Tanto es así, que Francis Robert Jameson en sus “Cartas habaneras” pudo escribir
en 1820 “que las vallas de gallos han resultado lo bastante valiosas para
convertirse en monopolios reales”[1].
Tan
extendida estaba este tipo de actividad lúdica que un viajero de visita en La Habana por 1833 atestigua
que hasta los representantes del clero lo practicaban: “De la misa van a la
valla de gallos y de la valla de gallos a la misa, y a veces llegan tarde a la
misa por haberse quedado hasta el final de una pelea. Se les puede ver en
Guanabacoa, con sus hábitos eclesiásticos, siguiendo con interés una pelea
entre un gallo favorito y el de un negro esclavo, que ha apostado su dinero
contra el indigno sacerdote”[2].
Los
extranjeros que visitaban Cuba quedaban asombrados por el ambiente cultural
prevaleciente en las vallas de gallos, “donde las relaciones interraciales e
interclasistas se volvieran informales, y convirtieran al espacio y sus
asistentes en transgresores o posibles transgresores de las directivas de la
autoridad” (Pablo Riaño San Marful. ob.cit.p.38). Este escenario que propende a
la desmitificación espacial de las jerarquías sociales no podía ser del agrado
del despotismo colonial ostentado por los capitanes generales con facultades
omnimodas lo cual se refleja en las disposiciones restrictivas de Leopoldo
O`Donell en 1844. El absolutismo estaba reñido con el menor atisbo de
manifestación democrática, ni aún en el ambiente informal de una valla de
gallos.
José
Antonio Saco dice, refiriéndose a las peleas de gallos, que “estas, por un
fenómeno social, forman entre nosotros una democracia perfecta, en que el
hombre y la mujer, el niño y el anciano, el grande y el pequeño, el pobre y el
rico, el blanco y el negro, todos se hallan confundidos en el estrecho recinto
de la valla” (Riaño.ob.cit.p.35). Esteban Pichardo también señala el carácter
abierto y participativo que se establece en una valla de gallos al calor del
entusiasmo y la actividad febril “que aturden al que contempla esa reunión más
democrática que ninguna otra; el caballero apuesta con el mugriento, el
mozalbete trata con el anciano orgullosamente; el condecorado acepta la
proposición del Guajiro; el Negro manotea al noble; todos hablan o
gritan a un tiempo”.[3]
Pablo
Riaño San Marful destaca este elemento de interrelación social y
desarticulación del orden colonial, de la elaboración de un espacio subjetivo
común tácitamente aceptado por todos, nacido espontáneamente en el proceso de
creación e interpretación de la nación. “En las fuentes consultadas – dice –,
la valla aparece como sitio destacado para producir y reproducir la
sociabilidad, entendida en su faceta de proceso de relaciones. En dicho espacio
se destaca la mezcla, confraternización y pérdida gradual de las diferencias
sociales” (Riaño. ob. cit. p.19). Agrega que “la valla funciona en muchos
casos, como un espacio abierto a todos los sujetos sociales”(id.p.19).
Este
elemento de inclusión es doblemente significativo en un ambiente signado por la
sistemática y rigurosa marginación de las diferencias. El tratamiento a la
diversidad en una sociedad esclavista no podía tener otra base que la
discriminación y privación de derechos y oportunidades a amplios sectores, como
reflejo de una pétrea estratificación socio-clasista.
La
valla ofrece un espacio donde se realiza la quimera de poner a todos los
hombres al mismo nivel, en igualdad de condiciones y oportunidades, ya que la
suerte, elemento importante en una actividad como las peleas de gallos, no
hacía diferencias entre el pobre o el rico, el noble o el esclavo. En este
lugar el esclavo podía vencer al amo, o el guajiro al oficial de la colonia.

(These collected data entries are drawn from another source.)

lemma dinner_dcross_dcross:
  "dinner (dcross A B) (dcross C D) = dmult (dinner A C) (dinner B D) - dmult (dinner A D) (dinner B C)"
  by (simp add: dinner_def dcross_def dmult_def inner_add_left inner_add_right cross3_simps
      inner_commute algebra_simps)

lemma bilinear_dinner: "bilinear dinner"
  by (auto simp: bilinear_def dinner_def intro!: linearI
      simp: inner_add_left inner_add_right algebra_simps)

lemma bilinear_dcross: "bilinear dcross"
  by (auto simp: bilinear_def dcross_def intro!: linearI
      simp: cross_add_left cross_add_right cross_mult_left cross_mult_right algebra_simps)

lemma dvderiv_eq:
  fixes A :: "real \<Rightarrow> dvec"
  assumes "a < b" "t \<in> {a..b}" "(A has_vector_derivative D) (at t within {a..b})"
  shows "dvderiv {a..b} A t = D"
proof -
  have "((\<lambda>s. fst (A s)) has_vector_derivative fst D) (at t within {a..b})"
    "((\<lambda>s. snd (A s)) has_vector_derivative snd D) (at t within {a..b})"
    using bounded_linear_fst bounded_linear_snd assms(3) by (auto intro: bounded_linear.has_vector_derivative)
  then have "vd {a..b} (\<lambda>s. fst (A s)) t = fst D" "vd {a..b} (\<lambda>s. snd (A s)) t = snd D"
    using vector_derivative_within_cbox[of a b t] assms(1,2) by (auto simp: vd_def)
  then show ?thesis
    by (simp add: dvderiv_def prod_eq_iff)
qed

lemma has_vector_derivative_dvderiv:
  fixes A :: "real \<Rightarrow> dvec"
  assumes "a < b" "t \<in> {a..b}" "A differentiable (at t within {a..b})"
  shows "(A has_vector_derivative dvderiv {a..b} A t) (at t within {a..b})"
  using dvderiv_eq[OF assms(1,2)] vector_derivative_works[THEN iffD1, OF assms(3)] by simp

lemma dvderiv_dcross:
  assumes "a < b" "t \<in> {a..b}"
    and "A differentiable (at t within {a..b})" "B differentiable (at t within {a..b})"
  shows "dvderiv {a..b} (\<lambda>s. dcross (A s) (B s)) t
           = dcross (A t) (dvderiv {a..b} B t) + dcross (dvderiv {a..b} A t) (B t)"
  using bilinear_dcross[unfolded bilinear_conv_bounded_bilinear]
  by (intro dvderiv_eq[OF assms(1,2)] bounded_bilinear.has_vector_derivative
      has_vector_derivative_dvderiv assms)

“Los sujetos sociales excluidos de otros espacios encontraban en la valla de
gallos, la posibilidad de una realización económica y prestigio social, que no
se producía fuera de ella” (Riaño. ob. cit. p.26).
Algo
muy distinto ocurría en la otra diversión que ocupaba la predilección de los
cubanos durante la colonia: las corridas de toros. “La plaza de toros (…) establece
la jerarquización de su espacio, antes y durante la corrida. Lugar de
encuentro, pero no de mezcla de identidades grupales o clasistas, en las lidias
taurinas los asientos eran alquilados, las funciones podían ser de igual modo
reservadas para actos de homenaje a entidades políticas, cuerpos militares
españoles, o personalidades y asociaciones elitistas. Así, la plaza, como
espacio público, reproduce las jerarquías existentes en la sociedad. En ella,
los nobles se sentaban separados de otros sectores o, por lo menos, en estrados
o palcos que señalaban su alta posición política y solvencia económica” (Riaño.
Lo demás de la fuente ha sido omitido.